What this means for our use-case is that we can first read some bytes from the
beginning of the file and then, once we have processed them, tell the filesystem
to discard those bytes and deallocate the space they used. As said before, the
logical size of the file does not change; only the physical size (the number of
blocks) may change.
Hole punching is then complemented by the ability of the [lseek()]
(http://linux.die.net/man/2/lseek) call to skip any holes that have been punched
in the file:
lseek(fd, offset, SEEK_DATA);

if offset is a position inside a hole the call above will move the file
position to the first position after the end of the hole (if offset is not
inside a hole, it will do nothing and simply return offset).
By putting all of this together we can then build process 2 as follows:
open_file_for_consuming
seek_data
while !eof {
  read_chunk_from_file
  process_chunk
  delete_chunk_from_file
}

With this in place we successfully built a working basic persistent pipe between
processes.

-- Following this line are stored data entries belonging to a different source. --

lemma FinBW_mrowka:
  assumes "I \<subseteq> I'" and I': "is_ideal X I'" and hw: "hereditary_weak_P X I'"
    and ad: "pairwise (\<lambda>A B. finite (A \<inter> B)) \<A>" and catches: "\<And>z. catches X I' z \<A>"
  shows "FinBW X I (mrowka \<A>)"
  unfolding FinBW_def
proof (intro conjI allI impI)
  show "Hausdorff_space (mrowka \<A>)" using ad by (rule Hausdorff_space_mrowka)
  fix x assume x: "\<forall>n\<in>X. x n \<in> topspace (mrowka \<A>)"
  have "\<exists>C\<subseteq>X. C \<notin> I' \<and> (\<exists>L. limitin (mrowka \<A>) x L (inf cofinite (principal C)))"
  proof (cases "\<exists>p. {n\<in>X. x n = p} \<notin> I'")
    case True
    then obtain p where p: "{n\<in>X. x n = p} \<notin> I'" by blast
    then have "{n\<in>X. x n = p} \<noteq> {}" using ideal_empty[OF I'] by metis
    then have "p \<in> topspace (mrowka \<A>)" using x by blast
    then have "limitin (mrowka \<A>) x p (inf cofinite (principal {n\<in>X. x n = p}))"
      by (rule limitin_constant_on) simp
    with p show ?thesis by (intro exI[of _ "{n\<in>X. x n = p}"]) auto
  next
    case False
    then have fibres: "\<And>p. {n\<in>X. x n = p} \<in> I'" by blast
    define Q where "Q = {n\<in>X. x n \<notin> range Pt}"
    show ?thesis
    proof (cases "Q \<in> I'")
      case False
      have "Q \<subseteq> X" by (auto simp: Q_def)
      have "\<forall>n\<in>Q. x n \<in> Ast ` \<A> \<union> {Infty}"
        using x by (auto simp: Q_def topspace_mrowka)
      moreover have "{n\<in>Q. x n = p} \<in> I'" for p
        by (rule ideal_subset[OF I' fibres[of p]]) (auto simp: Q_def)
      ultimately obtain C where "C \<subseteq> Q" "C \<notin> I'"
        and "limitin (mrowka \<A>) x Infty (inf cofinite (principal C))"
        using mrowka_convergent_off_points[OF I' hw \<open>Q \<subseteq> X\<close> False] by blast
      then show ?thesis using \<open>Q \<subseteq> X\<close> by (intro exI[of _ C]) auto
    next
      case True
      define z where "z n = (case x n of Pt m \<Rightarrow> m | _ \<Rightarrow> 0)" for n
      have points: "\<forall>n\<in>X - Q. x n = Pt (z n)"
        by (auto simp: Q_def z_def)
      then have "{n\<in>X. z n = i} \<subseteq> {n\<in>X. x n = Pt i} \<union> Q" for i
        by blast
      then have "{n\<in>X. z n = i} \<in> I'" for i
        by (rule ideal_subset[OF I' ideal_Un[OF I' fibres True]])
      then show ?thesis
        by (rule mrowka_convergent_on_points[OF I' ad catches _ True points])
    qed
  qed
  then show "\<exists>C\<subseteq>X. C \<notin> I \<and> (\<exists>L. limitin (mrowka \<A>) x L (inf cofinite (principal C)))"
    using \<open>I \<subseteq> I'\<close> by blast
qed

section \<open>Almost disjoint families inside an ideal on \<omega>\<close>

definition image_ideal :: "'b set \<Rightarrow> 'b set set \<Rightarrow> ('b \<Rightarrow> nat) \<Rightarrow> nat set set" where
  "image_ideal Y J g = {D. {y\<in>Y. g y \<in> D} \<in> J}"
theorem mainTheorem7:
  fixes k :: nat and m :: int and l :: "nat \<Rightarrow> int" and \<nu> :: "nat \<Rightarrow> nat"
    and f :: "int \<Rightarrow> real"
  assumes "1 \<le> k" and "int k \<le> m"
    and "0 < l 1" and "\<And>i. 1 \<le> i \<Longrightarrow> i < k \<Longrightarrow> l i < l (i + 1)" and "l k < m + 1"
    and "\<nu> permutes {1..k}"
    and "\<exists>c. \<forall>i\<in>{1..k}. (\<Sum>v\<in>{l i..m}. f v) / real_of_int (m - l i + 1) = c"
  shows "homomesic (S'_set k m l) (lwinch_nu k m l \<nu>) (\<lambda>x. \<Sum>i=1..k. f (x i))"
proof -
  obtain c where c: "\<forall>i\<in>{1..k}. (\<Sum>v\<in>{l i..m}. f v) / real_of_int (m - l i + 1) = c"
    using assms(7) by blast
  interpret winching_homomesy k m l \<nu> f c
    using winching_sweep.intro[OF assms(6)] winching_homomesy_axioms.intro[OF assms(1,3,4,5) c]
    by (rule winching_homomesy.intro)
  show ?thesis
    unfolding homomesic_def by (intro exI[of _ "real k * c"] ballI orbit_average)
qed

end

Note that the file should be (obviously) opened for writing.
Extensions

The basic version is all well and good but has a minor annoyance: the logical
file length (the one reported by ls) will keep growing indefinitely, even if
the physical size is 0. Luckily fallocate also allows to trim the logical
size, albeit with the caveat that the trimming happens on block boundaries (i.e.
both offset and length are a multiple of the block size):
fallocate(fd, FALLOC_FL_COLLAPSE_RANGE, offset, length);

So we can modify our new tool to perform trimming, if possible:
open_file_for_consuming
seek_data
while !eof {
  read_chunk_from_file
  process_chunk
  delete_chunk_from_file
  try_trim_file
}

Another extension is the ability to leave behind data that can not be processed
right now (we depend on an external system, remember?): instead of stopping the
whole processing, we can simply skip the problematic data without deleting it
from the file:
open_file_for_consuming
while !eof {
  seek_next_data
  read_chunk_from_file
  if process_chunk {
    delete_chunk_from_file
  }
  try_trim_file
}

In this case when we reach the end of the file we might have left data chunks
scattered between the holes. Running the same process again will first seek to
the first data chunk; will read, process and eventually delete it; then seek to
the second data chunk and so on.
The good thing about this approach is that all writes and reads are linear and
therefore pretty fast also on conventional drives. To help with this it makes
sense to use fadvise to inform the
system of this:
posix_fadvise(fd, 0, 0, POSIX_FADV_SEQUENTIAL|POSIX_FADV_NOREUSE);

(in case you have frequent processing failures it might be a good idea to mark
failed chunks with POSIX_FADV_SEQUENTIAL|POSIX_FADV_WILLNEED)
tail -f-like behavior

The last piece left to implement is obviously the ability to "wait" for new
content to be appended at the end of the file. AFAIK the only way to do this
(short of polling to check if the file mtime or size have changed) is to use
the platform-specific filesystem notification mechanisms. The specifics of how
to do this are definitely outside the scope of this post, but it would look
something like this:
open_file_for_consuming
do {
  while !eof {
    seek_next_data
    read_chunk_from_file
    if process_chunk {
      delete_chunk_from_file
    }
    try_trim_file
  }
  wait_for_file_changes_or_timer
  seek_start
}

Implementation

I have tested the idea locally using a hastily-hacked implementation and
verified that the approach is sound and viable (at least on ext4 on kernel 3.19).
I'm currently in the process of properly implementing this in [ActiveState/tail]
(https://github.com/ActiveState/tail): will update this post as soon as I'm
done.
Notes

Some warnings:

Linux-only (some BSDs have support, YMMV) but other OSes have similar
capabilities (e.g. using
[FSCTL_SET_SPARSE, FSCTL_SET_ZERO_DATA and FSCTL_QUERY_ALLOCATED_RANGES]
(https://msdn.microsoft.com/en-us/library/windows/desktop/aa365566(v=vs.85).aspx)
on Windows)
I'm relying on implementation-specific behaviors in certain cases, e.g.
lseek(fd, offset, SEEK_DATA) is not required to actually find the next data
chunk: it could very well simply return offset and the application would have
to skip over any 0-filled ranges. By a cursory look at the ext4 source code it
appears that at least ext4 is doing the proper thing, so I didn't consider the
case in which we have to skip over 0-ranges in seek_next_data.
At least in my testing it appears that fallocate requires explicit fsyncs
to actually do its thing.